## What you should do
Take every line from the data that has the word "intro" in it.

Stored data
+===+
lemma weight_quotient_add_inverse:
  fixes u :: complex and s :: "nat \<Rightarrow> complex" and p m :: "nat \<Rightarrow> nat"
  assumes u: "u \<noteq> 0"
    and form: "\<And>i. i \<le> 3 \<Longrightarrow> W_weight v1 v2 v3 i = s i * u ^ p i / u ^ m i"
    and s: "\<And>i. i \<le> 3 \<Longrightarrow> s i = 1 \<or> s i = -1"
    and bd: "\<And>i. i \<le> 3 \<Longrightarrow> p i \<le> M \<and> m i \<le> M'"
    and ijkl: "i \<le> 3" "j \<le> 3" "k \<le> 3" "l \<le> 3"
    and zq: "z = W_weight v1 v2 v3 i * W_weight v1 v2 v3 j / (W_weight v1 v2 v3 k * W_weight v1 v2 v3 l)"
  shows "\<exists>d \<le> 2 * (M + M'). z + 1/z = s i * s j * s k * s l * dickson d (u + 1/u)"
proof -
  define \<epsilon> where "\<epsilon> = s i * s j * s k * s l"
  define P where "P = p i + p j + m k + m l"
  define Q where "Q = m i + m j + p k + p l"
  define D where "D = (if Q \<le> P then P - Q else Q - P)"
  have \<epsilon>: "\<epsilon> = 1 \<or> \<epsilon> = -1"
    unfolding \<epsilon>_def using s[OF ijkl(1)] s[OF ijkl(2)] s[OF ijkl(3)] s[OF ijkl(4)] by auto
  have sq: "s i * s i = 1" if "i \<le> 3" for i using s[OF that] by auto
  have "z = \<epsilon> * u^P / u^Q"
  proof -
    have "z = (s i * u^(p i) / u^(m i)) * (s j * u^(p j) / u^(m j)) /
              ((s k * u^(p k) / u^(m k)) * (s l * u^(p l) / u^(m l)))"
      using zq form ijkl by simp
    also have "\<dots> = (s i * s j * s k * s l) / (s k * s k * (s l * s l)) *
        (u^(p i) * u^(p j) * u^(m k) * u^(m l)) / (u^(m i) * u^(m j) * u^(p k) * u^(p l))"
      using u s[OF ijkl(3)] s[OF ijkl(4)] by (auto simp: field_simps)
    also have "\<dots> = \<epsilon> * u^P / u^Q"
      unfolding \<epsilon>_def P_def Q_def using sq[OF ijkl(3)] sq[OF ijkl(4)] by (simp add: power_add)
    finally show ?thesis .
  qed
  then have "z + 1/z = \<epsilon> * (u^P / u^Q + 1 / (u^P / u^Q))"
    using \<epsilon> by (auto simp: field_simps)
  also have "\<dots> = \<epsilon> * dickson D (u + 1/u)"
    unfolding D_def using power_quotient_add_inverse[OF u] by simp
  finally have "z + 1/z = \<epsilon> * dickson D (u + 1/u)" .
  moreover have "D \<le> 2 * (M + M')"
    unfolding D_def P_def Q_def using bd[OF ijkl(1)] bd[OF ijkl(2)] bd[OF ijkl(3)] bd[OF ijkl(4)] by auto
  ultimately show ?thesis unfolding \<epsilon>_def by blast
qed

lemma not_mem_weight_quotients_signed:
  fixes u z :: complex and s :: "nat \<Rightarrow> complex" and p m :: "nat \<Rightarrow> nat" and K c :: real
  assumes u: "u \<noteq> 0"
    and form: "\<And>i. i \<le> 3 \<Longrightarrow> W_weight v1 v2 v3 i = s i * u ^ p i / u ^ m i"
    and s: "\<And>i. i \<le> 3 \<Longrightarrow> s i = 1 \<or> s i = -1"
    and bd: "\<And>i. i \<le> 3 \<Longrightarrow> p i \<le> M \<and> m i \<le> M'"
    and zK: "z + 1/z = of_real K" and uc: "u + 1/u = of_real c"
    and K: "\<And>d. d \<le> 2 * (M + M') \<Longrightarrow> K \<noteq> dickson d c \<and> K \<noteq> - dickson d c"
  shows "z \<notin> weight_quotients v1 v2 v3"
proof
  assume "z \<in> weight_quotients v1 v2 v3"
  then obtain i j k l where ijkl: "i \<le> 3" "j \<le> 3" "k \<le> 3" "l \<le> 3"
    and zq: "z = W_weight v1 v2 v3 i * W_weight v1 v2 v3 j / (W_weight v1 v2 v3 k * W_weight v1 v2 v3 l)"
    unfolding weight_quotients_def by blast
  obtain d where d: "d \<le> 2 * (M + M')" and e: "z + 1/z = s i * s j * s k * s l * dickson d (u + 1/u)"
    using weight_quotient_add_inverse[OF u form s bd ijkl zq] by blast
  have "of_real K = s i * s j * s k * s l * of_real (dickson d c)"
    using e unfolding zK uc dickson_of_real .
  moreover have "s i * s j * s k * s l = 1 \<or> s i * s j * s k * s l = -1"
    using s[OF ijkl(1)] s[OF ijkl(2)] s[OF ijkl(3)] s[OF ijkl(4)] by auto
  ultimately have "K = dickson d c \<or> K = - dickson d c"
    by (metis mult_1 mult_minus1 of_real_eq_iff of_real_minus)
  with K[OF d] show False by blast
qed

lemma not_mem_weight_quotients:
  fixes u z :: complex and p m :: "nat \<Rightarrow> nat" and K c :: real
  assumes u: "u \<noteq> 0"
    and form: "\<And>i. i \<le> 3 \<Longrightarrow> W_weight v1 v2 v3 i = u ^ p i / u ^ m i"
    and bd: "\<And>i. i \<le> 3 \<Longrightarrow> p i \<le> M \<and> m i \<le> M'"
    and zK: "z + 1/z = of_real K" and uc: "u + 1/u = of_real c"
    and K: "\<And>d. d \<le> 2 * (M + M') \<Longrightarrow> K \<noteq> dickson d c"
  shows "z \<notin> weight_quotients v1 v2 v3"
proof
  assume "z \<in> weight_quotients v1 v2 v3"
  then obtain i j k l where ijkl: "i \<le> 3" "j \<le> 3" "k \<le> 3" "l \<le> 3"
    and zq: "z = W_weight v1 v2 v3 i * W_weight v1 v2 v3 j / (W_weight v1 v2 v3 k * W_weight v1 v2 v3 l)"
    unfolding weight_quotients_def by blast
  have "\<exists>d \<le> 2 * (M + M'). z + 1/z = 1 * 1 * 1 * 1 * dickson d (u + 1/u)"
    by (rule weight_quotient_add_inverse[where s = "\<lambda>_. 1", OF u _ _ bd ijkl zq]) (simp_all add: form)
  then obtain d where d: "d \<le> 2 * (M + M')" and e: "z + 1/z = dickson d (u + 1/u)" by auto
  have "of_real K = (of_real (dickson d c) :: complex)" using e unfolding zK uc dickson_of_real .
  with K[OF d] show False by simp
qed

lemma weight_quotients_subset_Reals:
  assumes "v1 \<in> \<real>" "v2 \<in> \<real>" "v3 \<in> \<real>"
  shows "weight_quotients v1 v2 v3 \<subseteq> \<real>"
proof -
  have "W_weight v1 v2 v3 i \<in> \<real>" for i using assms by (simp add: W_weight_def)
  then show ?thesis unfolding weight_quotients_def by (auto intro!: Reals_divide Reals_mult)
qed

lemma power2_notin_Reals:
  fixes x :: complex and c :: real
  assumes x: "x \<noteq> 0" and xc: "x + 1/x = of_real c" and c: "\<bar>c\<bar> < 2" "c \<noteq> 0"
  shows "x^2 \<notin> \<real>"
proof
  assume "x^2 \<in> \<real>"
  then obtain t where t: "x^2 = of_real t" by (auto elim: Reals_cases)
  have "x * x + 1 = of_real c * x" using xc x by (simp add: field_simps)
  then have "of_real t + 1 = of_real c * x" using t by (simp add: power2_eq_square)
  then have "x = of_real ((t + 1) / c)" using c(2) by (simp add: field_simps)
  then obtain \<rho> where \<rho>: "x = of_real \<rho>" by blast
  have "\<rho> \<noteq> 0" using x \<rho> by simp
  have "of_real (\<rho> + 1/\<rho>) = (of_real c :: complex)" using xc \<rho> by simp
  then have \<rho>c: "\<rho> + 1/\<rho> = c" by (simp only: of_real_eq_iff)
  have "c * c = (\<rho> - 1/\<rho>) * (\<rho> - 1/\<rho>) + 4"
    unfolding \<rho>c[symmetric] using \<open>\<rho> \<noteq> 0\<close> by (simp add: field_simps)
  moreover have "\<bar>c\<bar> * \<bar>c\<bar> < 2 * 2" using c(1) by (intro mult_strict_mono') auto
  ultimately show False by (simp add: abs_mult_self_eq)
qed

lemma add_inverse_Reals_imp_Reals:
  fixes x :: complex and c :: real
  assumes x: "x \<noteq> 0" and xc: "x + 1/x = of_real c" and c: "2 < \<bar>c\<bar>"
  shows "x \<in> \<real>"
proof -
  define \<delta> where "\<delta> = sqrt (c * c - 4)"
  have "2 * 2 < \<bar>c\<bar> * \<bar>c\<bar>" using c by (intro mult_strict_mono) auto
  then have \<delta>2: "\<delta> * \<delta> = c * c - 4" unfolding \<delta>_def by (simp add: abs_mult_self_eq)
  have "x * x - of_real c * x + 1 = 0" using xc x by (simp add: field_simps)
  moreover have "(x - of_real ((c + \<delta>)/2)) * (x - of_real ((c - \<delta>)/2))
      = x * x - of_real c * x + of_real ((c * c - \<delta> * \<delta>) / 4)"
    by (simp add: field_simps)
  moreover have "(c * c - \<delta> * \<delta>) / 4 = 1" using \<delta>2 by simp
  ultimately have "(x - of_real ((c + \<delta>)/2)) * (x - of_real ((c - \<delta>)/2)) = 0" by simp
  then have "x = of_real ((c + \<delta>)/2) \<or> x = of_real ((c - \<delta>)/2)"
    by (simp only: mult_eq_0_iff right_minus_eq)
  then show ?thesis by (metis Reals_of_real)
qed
+===+
## Written answer
  then show ?thesis unfolding weight_quotients_def by (auto intro!: Reals_divide Reals_mult)
  moreover have "\<bar>c\<bar> * \<bar>c\<bar> < 2 * 2" using c(1) by (intro mult_strict_mono') auto
  have "2 * 2 < \<bar>c\<bar> * \<bar>c\<bar>" using c by (intro mult_strict_mono) auto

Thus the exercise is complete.